▶ _Goal of the exercise_
Using the records below, quote only the span that opens with the line containing "unfolding wgraph_def by" and closes with the line containing "x \<longleftrightarrow> mu", exactly and inclusively.

▶ _Stored data entries_
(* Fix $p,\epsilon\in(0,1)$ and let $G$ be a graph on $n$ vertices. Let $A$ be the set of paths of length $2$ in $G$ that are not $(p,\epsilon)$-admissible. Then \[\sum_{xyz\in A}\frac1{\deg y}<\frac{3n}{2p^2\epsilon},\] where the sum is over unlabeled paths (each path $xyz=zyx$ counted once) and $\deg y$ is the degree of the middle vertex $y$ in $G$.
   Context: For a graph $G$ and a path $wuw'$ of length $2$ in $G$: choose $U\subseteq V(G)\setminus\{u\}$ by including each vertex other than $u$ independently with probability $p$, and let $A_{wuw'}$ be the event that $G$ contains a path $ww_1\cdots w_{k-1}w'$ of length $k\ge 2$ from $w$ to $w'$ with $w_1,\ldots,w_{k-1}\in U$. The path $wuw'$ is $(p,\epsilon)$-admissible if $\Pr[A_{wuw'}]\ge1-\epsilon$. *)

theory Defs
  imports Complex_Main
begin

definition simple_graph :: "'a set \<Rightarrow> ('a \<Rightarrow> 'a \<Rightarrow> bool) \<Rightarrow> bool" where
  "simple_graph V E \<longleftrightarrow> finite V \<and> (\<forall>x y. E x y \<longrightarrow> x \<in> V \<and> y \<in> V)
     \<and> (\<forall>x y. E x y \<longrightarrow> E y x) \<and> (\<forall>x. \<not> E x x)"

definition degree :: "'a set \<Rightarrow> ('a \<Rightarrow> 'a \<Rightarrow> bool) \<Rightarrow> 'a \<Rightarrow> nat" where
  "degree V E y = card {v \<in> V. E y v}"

==

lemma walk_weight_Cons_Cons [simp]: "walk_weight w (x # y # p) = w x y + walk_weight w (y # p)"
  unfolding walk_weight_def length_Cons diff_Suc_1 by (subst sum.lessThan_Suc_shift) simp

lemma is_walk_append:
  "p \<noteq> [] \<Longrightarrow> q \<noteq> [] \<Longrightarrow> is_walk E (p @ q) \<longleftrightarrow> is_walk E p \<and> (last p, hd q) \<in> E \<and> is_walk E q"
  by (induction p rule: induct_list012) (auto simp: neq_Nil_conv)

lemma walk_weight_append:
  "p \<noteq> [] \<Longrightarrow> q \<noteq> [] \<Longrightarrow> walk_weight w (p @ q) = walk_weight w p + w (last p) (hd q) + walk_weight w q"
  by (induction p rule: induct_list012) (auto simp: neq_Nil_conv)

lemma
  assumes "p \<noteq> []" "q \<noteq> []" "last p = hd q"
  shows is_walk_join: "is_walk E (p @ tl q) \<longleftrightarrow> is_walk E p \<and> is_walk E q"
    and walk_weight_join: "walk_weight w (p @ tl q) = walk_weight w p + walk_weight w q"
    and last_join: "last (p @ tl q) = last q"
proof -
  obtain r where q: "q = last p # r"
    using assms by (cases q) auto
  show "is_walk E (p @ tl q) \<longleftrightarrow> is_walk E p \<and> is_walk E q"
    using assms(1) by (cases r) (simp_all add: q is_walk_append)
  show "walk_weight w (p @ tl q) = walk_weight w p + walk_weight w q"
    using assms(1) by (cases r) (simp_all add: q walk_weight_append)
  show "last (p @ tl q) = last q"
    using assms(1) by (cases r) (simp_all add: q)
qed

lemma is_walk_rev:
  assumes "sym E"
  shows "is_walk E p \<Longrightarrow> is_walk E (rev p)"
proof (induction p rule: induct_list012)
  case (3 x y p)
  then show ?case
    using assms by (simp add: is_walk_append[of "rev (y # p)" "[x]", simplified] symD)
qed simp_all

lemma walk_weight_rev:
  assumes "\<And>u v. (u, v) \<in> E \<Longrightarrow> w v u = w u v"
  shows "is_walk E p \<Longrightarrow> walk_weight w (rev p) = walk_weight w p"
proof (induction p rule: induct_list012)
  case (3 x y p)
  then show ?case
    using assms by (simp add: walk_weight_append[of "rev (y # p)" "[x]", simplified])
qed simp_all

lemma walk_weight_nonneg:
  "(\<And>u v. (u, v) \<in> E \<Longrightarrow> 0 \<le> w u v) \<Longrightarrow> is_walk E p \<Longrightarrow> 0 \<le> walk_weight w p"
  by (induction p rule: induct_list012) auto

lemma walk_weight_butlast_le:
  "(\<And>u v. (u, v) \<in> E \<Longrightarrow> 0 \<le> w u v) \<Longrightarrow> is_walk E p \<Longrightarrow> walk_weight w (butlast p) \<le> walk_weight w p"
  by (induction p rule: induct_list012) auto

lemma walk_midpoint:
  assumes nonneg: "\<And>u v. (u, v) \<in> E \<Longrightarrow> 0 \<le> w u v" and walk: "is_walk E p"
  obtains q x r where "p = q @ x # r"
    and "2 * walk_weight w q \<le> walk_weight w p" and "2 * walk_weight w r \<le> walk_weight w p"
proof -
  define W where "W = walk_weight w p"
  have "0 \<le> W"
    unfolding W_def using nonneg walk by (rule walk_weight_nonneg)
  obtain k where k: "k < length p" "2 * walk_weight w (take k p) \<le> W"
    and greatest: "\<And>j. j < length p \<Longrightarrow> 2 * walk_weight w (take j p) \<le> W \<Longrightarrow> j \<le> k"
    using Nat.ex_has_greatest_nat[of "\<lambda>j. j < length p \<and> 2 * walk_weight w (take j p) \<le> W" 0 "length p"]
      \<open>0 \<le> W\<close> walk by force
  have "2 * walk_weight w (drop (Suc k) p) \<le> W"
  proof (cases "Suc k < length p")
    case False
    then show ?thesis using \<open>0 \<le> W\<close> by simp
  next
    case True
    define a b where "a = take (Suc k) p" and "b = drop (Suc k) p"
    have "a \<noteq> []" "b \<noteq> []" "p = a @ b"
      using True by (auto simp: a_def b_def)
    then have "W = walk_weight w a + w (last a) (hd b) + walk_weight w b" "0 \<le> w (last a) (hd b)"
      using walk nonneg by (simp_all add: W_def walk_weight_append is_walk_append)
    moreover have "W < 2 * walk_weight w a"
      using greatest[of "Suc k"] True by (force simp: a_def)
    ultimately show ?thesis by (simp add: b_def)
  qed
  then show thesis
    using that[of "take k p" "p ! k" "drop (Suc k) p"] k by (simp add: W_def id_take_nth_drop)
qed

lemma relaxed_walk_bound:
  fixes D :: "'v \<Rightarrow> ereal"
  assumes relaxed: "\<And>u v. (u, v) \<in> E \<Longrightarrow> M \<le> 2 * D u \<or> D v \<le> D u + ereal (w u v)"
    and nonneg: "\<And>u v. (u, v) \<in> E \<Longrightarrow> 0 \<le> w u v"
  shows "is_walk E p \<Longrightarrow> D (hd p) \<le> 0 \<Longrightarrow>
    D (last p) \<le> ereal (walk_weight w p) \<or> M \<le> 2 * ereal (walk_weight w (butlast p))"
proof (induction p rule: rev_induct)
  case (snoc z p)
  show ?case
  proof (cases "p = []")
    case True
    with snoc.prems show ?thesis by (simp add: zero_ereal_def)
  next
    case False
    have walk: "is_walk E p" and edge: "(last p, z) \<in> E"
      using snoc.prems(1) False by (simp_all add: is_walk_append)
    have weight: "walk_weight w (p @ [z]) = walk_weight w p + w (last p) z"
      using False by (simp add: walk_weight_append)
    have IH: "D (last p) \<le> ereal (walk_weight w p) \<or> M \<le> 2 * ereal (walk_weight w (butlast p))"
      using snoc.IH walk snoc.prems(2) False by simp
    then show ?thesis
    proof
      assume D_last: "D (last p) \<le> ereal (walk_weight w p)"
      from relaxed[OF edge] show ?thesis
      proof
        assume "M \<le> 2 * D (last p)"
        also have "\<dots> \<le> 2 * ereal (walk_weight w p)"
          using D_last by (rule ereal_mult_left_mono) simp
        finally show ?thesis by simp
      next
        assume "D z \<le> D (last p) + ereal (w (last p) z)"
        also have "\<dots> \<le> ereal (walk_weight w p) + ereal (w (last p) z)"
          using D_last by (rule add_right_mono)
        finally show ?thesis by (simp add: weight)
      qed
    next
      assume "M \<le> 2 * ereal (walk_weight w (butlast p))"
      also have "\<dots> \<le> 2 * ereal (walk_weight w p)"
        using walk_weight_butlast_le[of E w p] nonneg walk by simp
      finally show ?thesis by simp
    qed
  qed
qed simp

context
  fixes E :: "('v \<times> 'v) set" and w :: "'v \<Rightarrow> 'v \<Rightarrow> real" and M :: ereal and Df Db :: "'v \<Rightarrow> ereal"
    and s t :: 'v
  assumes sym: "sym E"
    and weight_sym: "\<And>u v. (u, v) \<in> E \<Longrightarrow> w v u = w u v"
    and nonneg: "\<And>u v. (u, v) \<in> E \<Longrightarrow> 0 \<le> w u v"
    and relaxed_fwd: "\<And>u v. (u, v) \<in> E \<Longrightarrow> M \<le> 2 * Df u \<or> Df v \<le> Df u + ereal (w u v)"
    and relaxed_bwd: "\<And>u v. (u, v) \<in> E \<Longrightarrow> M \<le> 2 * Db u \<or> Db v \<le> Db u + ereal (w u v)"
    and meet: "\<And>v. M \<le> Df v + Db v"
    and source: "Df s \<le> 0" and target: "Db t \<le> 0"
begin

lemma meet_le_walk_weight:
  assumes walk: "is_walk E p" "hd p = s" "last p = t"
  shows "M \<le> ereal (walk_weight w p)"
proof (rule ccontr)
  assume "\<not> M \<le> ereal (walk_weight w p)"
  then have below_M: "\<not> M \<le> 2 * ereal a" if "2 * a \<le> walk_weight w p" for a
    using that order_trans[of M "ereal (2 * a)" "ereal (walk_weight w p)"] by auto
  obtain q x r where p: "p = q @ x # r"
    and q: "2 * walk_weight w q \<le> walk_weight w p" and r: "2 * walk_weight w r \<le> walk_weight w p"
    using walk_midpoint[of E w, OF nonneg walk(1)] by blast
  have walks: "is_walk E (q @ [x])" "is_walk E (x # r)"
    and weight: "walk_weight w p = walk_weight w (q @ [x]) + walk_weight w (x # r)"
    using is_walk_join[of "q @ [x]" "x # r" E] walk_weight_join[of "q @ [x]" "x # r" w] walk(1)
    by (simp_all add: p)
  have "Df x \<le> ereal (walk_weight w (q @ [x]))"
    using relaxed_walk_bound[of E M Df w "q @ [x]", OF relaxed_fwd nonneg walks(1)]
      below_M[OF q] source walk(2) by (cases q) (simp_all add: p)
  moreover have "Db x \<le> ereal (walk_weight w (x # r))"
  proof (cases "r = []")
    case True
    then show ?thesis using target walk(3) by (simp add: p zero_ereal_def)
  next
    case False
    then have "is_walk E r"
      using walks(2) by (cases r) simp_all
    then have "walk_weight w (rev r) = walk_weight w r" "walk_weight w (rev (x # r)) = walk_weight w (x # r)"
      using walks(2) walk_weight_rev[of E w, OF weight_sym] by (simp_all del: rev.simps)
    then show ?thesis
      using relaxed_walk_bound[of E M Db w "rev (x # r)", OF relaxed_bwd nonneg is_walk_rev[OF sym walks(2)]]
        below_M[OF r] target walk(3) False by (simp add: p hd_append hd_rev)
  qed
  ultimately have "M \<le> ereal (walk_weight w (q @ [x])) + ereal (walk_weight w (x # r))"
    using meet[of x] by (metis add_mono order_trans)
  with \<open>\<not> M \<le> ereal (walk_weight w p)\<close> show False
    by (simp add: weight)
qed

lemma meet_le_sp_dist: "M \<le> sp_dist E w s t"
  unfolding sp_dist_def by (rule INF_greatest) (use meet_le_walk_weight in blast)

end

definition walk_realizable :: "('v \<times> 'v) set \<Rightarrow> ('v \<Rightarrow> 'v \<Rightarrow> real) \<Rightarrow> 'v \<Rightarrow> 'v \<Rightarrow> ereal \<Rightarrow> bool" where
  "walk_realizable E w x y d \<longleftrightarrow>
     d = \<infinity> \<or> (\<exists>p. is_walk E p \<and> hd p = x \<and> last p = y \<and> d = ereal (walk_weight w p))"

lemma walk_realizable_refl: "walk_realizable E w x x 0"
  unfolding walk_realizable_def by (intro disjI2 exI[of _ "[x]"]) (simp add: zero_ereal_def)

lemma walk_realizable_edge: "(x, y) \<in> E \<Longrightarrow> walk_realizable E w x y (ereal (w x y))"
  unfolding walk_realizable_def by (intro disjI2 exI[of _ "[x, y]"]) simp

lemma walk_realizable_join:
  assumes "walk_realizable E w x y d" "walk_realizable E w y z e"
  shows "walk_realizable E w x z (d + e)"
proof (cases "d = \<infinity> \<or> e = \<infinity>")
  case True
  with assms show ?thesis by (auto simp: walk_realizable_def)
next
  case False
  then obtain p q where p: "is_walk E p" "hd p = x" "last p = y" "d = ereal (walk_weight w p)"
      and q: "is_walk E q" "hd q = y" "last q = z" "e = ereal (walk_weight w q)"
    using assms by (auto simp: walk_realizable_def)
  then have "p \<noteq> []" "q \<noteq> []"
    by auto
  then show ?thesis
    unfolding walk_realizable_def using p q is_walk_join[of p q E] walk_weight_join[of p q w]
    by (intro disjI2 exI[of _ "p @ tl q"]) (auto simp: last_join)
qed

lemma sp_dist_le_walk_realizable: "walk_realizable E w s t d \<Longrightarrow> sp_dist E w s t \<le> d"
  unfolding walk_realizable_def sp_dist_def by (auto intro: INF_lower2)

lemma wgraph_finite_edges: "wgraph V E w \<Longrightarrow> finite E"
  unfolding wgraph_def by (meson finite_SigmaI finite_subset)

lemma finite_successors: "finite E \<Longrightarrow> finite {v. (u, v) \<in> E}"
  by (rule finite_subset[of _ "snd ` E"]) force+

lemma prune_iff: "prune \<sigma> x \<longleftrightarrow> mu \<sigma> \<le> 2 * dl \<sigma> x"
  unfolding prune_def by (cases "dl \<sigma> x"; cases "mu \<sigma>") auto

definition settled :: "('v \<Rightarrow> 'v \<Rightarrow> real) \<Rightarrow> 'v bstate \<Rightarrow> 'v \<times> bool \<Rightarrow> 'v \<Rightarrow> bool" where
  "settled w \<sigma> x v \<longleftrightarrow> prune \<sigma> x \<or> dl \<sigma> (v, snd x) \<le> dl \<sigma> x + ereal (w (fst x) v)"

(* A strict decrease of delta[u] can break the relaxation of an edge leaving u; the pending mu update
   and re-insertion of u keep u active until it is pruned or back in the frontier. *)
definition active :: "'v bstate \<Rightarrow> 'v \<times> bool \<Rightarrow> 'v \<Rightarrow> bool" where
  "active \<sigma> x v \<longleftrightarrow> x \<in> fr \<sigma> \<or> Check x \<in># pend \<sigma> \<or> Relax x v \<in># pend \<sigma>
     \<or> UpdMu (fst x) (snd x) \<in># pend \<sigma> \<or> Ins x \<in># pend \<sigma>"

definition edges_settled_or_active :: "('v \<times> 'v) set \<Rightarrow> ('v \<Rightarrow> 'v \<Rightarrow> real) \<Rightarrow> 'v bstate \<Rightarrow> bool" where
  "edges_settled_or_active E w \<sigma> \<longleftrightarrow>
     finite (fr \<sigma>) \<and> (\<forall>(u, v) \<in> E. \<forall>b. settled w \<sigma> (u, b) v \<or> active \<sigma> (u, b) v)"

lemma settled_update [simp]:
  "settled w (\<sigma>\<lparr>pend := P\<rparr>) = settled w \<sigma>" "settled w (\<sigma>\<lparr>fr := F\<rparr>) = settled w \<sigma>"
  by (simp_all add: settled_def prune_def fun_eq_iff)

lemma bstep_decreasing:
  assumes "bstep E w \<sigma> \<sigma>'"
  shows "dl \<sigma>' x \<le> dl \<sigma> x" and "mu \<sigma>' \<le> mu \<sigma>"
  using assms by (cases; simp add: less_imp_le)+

▶ _Answer for this exercise_
  unfolding wgraph_def by (meson finite_SigmaI finite_subset)

lemma finite_successors: "finite E \<Longrightarrow> finite {v. (u, v) \<in> E}"
  by (rule finite_subset[of _ "snd ` E"]) force+

lemma prune_iff: "prune \<sigma> x \<longleftrightarrow> mu \<sigma> \<le> 2 * dl \<sigma> x"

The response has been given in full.